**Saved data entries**
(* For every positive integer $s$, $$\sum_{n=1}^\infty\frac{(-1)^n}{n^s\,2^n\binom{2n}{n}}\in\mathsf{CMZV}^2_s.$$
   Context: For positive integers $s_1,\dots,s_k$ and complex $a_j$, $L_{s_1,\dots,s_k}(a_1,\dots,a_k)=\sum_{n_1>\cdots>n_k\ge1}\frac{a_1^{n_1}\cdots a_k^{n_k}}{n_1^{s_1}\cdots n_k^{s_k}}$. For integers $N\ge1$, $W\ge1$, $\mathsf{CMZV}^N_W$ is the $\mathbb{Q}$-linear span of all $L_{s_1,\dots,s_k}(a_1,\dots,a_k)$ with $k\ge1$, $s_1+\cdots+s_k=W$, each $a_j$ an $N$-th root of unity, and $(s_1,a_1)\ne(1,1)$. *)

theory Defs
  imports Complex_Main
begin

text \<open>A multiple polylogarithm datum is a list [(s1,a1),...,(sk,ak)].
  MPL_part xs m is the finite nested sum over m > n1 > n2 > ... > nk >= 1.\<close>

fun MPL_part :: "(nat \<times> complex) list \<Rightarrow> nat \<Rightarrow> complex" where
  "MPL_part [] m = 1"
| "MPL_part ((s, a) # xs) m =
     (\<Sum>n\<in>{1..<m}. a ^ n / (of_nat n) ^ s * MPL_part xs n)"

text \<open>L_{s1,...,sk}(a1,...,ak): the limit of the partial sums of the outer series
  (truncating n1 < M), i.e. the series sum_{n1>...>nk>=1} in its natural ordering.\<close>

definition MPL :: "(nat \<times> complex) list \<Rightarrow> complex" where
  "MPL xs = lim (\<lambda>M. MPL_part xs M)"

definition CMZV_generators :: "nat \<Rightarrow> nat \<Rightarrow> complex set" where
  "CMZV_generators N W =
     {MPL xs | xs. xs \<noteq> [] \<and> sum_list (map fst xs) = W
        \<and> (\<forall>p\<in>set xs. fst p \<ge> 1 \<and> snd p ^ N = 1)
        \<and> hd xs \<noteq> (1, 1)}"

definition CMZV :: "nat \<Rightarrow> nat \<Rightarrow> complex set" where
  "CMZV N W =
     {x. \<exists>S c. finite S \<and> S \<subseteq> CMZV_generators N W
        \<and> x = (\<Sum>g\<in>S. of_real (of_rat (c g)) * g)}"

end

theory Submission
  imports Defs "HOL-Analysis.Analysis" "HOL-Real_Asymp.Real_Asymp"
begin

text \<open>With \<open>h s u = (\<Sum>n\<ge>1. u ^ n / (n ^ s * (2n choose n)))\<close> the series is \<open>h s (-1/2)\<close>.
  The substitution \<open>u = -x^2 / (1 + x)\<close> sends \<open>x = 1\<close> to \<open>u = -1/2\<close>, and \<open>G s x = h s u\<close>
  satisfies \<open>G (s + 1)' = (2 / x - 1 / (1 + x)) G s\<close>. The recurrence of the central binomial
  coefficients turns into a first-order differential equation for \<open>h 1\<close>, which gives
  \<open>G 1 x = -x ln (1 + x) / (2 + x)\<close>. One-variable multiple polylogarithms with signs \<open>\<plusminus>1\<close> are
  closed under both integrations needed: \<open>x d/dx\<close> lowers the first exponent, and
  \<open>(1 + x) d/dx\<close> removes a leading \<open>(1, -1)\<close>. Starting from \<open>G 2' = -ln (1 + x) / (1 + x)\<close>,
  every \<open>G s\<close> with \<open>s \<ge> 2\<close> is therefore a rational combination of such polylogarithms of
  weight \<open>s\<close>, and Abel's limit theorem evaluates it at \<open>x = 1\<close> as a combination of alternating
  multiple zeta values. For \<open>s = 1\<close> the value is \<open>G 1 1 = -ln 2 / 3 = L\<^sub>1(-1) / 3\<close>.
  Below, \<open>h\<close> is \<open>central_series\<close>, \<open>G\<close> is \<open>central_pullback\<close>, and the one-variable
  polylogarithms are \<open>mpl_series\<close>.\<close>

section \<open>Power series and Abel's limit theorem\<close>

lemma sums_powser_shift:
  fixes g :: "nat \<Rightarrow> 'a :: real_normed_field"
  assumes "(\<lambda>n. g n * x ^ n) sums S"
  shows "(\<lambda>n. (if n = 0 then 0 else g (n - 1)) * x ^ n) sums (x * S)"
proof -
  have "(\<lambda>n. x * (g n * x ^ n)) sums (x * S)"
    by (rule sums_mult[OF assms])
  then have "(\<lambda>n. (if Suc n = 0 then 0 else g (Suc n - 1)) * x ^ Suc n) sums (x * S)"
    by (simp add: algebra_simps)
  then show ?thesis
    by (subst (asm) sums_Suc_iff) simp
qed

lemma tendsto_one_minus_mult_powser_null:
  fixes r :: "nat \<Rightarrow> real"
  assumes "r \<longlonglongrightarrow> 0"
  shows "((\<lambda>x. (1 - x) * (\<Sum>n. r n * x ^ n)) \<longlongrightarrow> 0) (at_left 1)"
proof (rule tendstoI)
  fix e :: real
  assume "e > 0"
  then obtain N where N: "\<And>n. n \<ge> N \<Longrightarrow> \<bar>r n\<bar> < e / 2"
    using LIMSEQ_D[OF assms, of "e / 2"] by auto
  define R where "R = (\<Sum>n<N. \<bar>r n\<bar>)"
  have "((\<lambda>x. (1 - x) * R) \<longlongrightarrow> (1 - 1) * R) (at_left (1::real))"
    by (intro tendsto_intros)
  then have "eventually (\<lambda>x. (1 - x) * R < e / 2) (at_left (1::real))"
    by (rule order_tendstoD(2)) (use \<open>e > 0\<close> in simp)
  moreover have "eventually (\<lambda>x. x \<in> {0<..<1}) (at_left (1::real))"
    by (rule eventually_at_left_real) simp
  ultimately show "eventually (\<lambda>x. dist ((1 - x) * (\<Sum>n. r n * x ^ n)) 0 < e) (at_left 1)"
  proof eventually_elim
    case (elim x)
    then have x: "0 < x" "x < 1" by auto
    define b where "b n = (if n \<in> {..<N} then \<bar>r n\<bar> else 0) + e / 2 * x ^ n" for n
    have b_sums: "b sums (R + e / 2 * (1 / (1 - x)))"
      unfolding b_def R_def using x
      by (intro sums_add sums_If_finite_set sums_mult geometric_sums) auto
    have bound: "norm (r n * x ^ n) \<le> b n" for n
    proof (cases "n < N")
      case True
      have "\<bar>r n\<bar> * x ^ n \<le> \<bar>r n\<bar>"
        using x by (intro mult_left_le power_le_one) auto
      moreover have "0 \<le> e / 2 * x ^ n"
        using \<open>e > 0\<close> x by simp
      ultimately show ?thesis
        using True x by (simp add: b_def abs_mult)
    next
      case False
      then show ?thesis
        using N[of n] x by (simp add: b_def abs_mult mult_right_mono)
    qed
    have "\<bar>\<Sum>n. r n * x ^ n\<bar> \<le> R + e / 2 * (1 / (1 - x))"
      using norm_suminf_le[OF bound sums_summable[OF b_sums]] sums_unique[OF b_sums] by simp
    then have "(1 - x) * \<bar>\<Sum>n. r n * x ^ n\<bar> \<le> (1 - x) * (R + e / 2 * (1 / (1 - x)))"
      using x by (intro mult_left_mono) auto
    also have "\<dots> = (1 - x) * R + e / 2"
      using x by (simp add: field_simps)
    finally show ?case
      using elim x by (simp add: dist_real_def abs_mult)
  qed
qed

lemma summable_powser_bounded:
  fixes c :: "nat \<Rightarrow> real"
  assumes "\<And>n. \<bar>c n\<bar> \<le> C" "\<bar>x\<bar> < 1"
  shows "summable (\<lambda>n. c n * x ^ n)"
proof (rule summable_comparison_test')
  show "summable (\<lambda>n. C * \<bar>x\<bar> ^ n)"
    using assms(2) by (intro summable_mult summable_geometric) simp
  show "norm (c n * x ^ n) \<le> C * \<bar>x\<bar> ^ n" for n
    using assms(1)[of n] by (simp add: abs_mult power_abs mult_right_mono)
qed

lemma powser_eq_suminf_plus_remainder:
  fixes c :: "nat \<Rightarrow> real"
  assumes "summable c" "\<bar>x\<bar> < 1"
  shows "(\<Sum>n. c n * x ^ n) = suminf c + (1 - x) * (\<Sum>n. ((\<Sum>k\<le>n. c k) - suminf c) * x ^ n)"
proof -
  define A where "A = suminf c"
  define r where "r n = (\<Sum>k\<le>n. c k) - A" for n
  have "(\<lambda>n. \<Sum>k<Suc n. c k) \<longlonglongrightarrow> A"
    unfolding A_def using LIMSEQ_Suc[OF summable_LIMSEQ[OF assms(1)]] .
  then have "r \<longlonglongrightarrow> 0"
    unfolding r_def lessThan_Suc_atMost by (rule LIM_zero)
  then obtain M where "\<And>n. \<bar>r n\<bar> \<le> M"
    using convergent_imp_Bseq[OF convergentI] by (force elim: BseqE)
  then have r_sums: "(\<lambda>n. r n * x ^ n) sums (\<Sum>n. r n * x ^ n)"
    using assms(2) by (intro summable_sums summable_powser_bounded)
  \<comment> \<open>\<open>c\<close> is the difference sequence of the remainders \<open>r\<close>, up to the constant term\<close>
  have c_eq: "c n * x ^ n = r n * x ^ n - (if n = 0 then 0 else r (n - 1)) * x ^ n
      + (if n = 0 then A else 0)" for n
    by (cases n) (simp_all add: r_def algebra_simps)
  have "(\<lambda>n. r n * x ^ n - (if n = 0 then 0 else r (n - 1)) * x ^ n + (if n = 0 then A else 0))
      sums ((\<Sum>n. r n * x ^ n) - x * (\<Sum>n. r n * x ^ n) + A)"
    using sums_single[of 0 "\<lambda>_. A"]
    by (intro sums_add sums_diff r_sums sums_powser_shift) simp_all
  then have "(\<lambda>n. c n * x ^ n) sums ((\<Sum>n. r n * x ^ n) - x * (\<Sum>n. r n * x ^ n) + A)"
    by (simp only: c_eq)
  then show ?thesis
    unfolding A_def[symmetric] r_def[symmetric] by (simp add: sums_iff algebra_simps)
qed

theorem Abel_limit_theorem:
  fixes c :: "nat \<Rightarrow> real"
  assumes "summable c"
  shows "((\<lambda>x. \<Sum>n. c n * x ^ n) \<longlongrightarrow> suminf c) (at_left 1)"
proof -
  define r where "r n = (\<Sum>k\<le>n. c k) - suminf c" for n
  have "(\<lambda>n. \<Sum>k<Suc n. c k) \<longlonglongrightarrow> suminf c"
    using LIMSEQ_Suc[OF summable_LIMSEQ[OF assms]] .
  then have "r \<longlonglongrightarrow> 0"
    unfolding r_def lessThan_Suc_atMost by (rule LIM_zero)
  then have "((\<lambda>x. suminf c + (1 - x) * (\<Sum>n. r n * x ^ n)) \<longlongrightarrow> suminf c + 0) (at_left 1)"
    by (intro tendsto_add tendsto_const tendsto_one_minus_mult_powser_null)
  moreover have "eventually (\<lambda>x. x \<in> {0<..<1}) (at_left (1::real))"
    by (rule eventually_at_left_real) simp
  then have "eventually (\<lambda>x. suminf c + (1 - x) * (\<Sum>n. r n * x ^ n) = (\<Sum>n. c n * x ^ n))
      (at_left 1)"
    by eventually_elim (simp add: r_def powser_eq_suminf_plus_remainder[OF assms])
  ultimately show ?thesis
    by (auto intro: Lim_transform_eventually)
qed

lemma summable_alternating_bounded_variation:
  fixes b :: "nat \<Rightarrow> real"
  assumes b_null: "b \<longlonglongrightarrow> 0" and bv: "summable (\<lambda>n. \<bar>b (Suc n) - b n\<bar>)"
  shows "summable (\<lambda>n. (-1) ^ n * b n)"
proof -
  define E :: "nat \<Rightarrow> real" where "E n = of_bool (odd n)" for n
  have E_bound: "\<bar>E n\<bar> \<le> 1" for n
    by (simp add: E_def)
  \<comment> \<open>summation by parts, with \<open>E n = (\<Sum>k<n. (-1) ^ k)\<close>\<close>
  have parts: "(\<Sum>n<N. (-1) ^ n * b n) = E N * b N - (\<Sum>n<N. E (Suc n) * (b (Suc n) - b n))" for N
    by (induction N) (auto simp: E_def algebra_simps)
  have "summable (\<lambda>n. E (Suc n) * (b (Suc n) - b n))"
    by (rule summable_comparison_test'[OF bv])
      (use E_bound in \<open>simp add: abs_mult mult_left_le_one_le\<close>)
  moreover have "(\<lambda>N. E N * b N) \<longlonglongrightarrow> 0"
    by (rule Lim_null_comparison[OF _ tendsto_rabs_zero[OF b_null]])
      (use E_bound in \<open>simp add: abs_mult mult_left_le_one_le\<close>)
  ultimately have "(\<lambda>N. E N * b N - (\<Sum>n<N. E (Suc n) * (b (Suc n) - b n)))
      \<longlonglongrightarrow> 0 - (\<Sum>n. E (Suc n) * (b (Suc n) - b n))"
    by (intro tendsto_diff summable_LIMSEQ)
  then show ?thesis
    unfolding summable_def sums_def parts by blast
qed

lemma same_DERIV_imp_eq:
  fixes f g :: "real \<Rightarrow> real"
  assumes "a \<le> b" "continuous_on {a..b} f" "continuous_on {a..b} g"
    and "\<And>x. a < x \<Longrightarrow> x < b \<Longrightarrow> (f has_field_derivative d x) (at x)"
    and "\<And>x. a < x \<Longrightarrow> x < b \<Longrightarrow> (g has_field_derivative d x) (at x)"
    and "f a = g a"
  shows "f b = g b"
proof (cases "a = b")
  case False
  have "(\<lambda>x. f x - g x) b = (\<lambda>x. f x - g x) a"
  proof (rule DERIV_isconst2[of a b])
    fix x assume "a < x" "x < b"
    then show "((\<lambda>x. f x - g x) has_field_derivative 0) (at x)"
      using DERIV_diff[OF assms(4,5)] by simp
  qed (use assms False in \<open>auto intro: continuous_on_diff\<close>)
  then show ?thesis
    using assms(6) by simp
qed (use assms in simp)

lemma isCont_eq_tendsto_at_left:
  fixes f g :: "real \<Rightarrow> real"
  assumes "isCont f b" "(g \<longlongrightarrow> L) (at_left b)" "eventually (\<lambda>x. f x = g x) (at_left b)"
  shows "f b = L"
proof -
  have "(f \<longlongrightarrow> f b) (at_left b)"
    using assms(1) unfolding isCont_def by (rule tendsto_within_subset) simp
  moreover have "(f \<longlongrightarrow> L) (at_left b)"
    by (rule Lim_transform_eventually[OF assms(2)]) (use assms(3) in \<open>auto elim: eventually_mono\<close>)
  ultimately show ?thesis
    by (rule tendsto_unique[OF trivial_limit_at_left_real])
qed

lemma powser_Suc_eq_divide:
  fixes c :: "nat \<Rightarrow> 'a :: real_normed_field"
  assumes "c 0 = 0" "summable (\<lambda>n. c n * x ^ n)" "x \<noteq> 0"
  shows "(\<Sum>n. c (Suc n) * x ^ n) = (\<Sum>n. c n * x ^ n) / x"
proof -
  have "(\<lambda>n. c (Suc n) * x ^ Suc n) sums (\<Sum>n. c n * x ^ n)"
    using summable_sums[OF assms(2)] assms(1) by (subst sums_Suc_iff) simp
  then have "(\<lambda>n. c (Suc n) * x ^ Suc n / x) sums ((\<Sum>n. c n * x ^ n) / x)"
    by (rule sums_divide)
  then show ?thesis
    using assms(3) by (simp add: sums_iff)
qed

==

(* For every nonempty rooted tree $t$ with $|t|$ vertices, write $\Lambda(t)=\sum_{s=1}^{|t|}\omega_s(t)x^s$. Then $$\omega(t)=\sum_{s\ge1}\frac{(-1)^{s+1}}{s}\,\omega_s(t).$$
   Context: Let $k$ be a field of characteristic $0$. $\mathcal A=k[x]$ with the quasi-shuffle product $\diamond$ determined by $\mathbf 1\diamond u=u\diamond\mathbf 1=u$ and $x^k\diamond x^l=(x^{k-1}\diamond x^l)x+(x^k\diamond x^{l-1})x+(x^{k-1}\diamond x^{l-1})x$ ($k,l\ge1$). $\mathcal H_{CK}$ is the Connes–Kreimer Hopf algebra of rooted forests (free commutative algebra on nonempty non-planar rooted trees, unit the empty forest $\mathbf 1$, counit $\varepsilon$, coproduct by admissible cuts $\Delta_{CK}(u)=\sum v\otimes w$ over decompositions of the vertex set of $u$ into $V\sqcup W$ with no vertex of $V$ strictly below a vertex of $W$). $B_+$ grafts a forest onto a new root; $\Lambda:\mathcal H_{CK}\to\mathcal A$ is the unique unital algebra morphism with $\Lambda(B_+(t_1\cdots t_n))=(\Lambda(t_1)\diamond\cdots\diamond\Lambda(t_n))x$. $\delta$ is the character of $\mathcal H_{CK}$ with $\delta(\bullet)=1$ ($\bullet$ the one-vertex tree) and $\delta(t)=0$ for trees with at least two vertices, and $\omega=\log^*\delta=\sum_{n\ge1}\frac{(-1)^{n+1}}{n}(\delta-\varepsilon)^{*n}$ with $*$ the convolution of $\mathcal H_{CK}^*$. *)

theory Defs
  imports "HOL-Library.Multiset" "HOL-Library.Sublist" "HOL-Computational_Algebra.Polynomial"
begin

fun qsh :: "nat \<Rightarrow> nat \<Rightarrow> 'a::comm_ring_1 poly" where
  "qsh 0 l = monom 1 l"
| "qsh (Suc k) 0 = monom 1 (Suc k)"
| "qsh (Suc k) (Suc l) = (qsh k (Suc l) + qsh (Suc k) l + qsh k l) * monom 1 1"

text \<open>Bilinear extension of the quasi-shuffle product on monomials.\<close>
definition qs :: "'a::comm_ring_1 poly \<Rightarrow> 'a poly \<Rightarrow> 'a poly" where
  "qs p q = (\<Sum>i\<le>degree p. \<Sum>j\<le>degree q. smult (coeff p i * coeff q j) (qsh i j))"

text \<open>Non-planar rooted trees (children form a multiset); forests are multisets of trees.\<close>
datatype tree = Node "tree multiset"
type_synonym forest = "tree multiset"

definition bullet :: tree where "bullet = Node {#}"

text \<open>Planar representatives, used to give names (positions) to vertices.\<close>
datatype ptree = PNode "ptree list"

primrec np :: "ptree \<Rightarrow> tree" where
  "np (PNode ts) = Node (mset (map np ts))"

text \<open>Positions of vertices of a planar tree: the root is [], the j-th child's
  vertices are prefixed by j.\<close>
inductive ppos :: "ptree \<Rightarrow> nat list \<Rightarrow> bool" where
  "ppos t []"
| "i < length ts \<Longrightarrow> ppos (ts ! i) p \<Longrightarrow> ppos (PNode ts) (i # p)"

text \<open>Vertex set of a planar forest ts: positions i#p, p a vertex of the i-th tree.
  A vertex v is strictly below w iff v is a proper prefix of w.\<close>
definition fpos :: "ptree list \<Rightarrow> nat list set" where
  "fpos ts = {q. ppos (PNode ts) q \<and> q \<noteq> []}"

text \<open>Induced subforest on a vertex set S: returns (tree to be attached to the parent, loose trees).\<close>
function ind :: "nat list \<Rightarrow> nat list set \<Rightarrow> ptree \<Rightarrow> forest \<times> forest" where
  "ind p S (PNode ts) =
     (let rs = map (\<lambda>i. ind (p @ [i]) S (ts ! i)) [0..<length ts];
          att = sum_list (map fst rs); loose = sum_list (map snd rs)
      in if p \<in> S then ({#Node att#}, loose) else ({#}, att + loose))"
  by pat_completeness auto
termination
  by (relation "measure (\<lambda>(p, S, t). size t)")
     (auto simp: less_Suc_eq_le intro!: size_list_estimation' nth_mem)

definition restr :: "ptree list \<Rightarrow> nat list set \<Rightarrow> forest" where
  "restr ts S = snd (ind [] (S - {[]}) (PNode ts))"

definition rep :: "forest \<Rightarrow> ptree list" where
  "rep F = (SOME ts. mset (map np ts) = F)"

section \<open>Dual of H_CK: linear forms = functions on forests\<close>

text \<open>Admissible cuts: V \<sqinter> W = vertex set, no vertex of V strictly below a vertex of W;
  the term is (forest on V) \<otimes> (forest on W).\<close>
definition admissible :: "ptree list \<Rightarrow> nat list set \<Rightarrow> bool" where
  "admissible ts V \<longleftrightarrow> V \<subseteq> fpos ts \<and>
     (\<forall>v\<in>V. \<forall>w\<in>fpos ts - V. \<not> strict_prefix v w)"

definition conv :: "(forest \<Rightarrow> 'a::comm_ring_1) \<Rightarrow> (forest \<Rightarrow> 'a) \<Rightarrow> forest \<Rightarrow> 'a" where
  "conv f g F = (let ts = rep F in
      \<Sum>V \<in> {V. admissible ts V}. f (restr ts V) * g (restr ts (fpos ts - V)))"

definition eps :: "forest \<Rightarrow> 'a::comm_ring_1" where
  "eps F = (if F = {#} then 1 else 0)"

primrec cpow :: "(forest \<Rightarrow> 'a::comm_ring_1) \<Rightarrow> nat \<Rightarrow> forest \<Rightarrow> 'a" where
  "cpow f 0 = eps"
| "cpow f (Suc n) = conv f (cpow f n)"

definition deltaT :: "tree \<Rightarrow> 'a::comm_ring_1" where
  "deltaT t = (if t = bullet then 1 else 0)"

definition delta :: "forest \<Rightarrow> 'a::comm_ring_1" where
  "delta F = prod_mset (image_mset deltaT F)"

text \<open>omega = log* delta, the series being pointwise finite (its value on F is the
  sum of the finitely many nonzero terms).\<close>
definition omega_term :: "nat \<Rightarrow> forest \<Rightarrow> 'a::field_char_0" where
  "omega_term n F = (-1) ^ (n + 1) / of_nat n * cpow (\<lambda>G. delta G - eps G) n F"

**Task item**
Show the lines of the records that contain the word "rooted".

**Written solution**
(* For every nonempty rooted tree $t$ with $|t|$ vertices, write $\Lambda(t)=\sum_{s=1}^{|t|}\omega_s(t)x^s$. Then $$\omega(t)=\sum_{s\ge1}\frac{(-1)^{s+1}}{s}\,\omega_s(t).$$
   Context: Let $k$ be a field of characteristic $0$. $\mathcal A=k[x]$ with the quasi-shuffle product $\diamond$ determined by $\mathbf 1\diamond u=u\diamond\mathbf 1=u$ and $x^k\diamond x^l=(x^{k-1}\diamond x^l)x+(x^k\diamond x^{l-1})x+(x^{k-1}\diamond x^{l-1})x$ ($k,l\ge1$). $\mathcal H_{CK}$ is the Connes–Kreimer Hopf algebra of rooted forests (free commutative algebra on nonempty non-planar rooted trees, unit the empty forest $\mathbf 1$, counit $\varepsilon$, coproduct by admissible cuts $\Delta_{CK}(u)=\sum v\otimes w$ over decompositions of the vertex set of $u$ into $V\sqcup W$ with no vertex of $V$ strictly below a vertex of $W$). $B_+$ grafts a forest onto a new root; $\Lambda:\mathcal H_{CK}\to\mathcal A$ is the unique unital algebra morphism with $\Lambda(B_+(t_1\cdots t_n))=(\Lambda(t_1)\diamond\cdots\diamond\Lambda(t_n))x$. $\delta$ is the character of $\mathcal H_{CK}$ with $\delta(\bullet)=1$ ($\bullet$ the one-vertex tree) and $\delta(t)=0$ for trees with at least two vertices, and $\omega=\log^*\delta=\sum_{n\ge1}\frac{(-1)^{n+1}}{n}(\delta-\varepsilon)^{*n}$ with $*$ the convolution of $\mathcal H_{CK}^*$. *)
text \<open>Non-planar rooted trees (children form a multiset); forests are multisets of trees.\<close>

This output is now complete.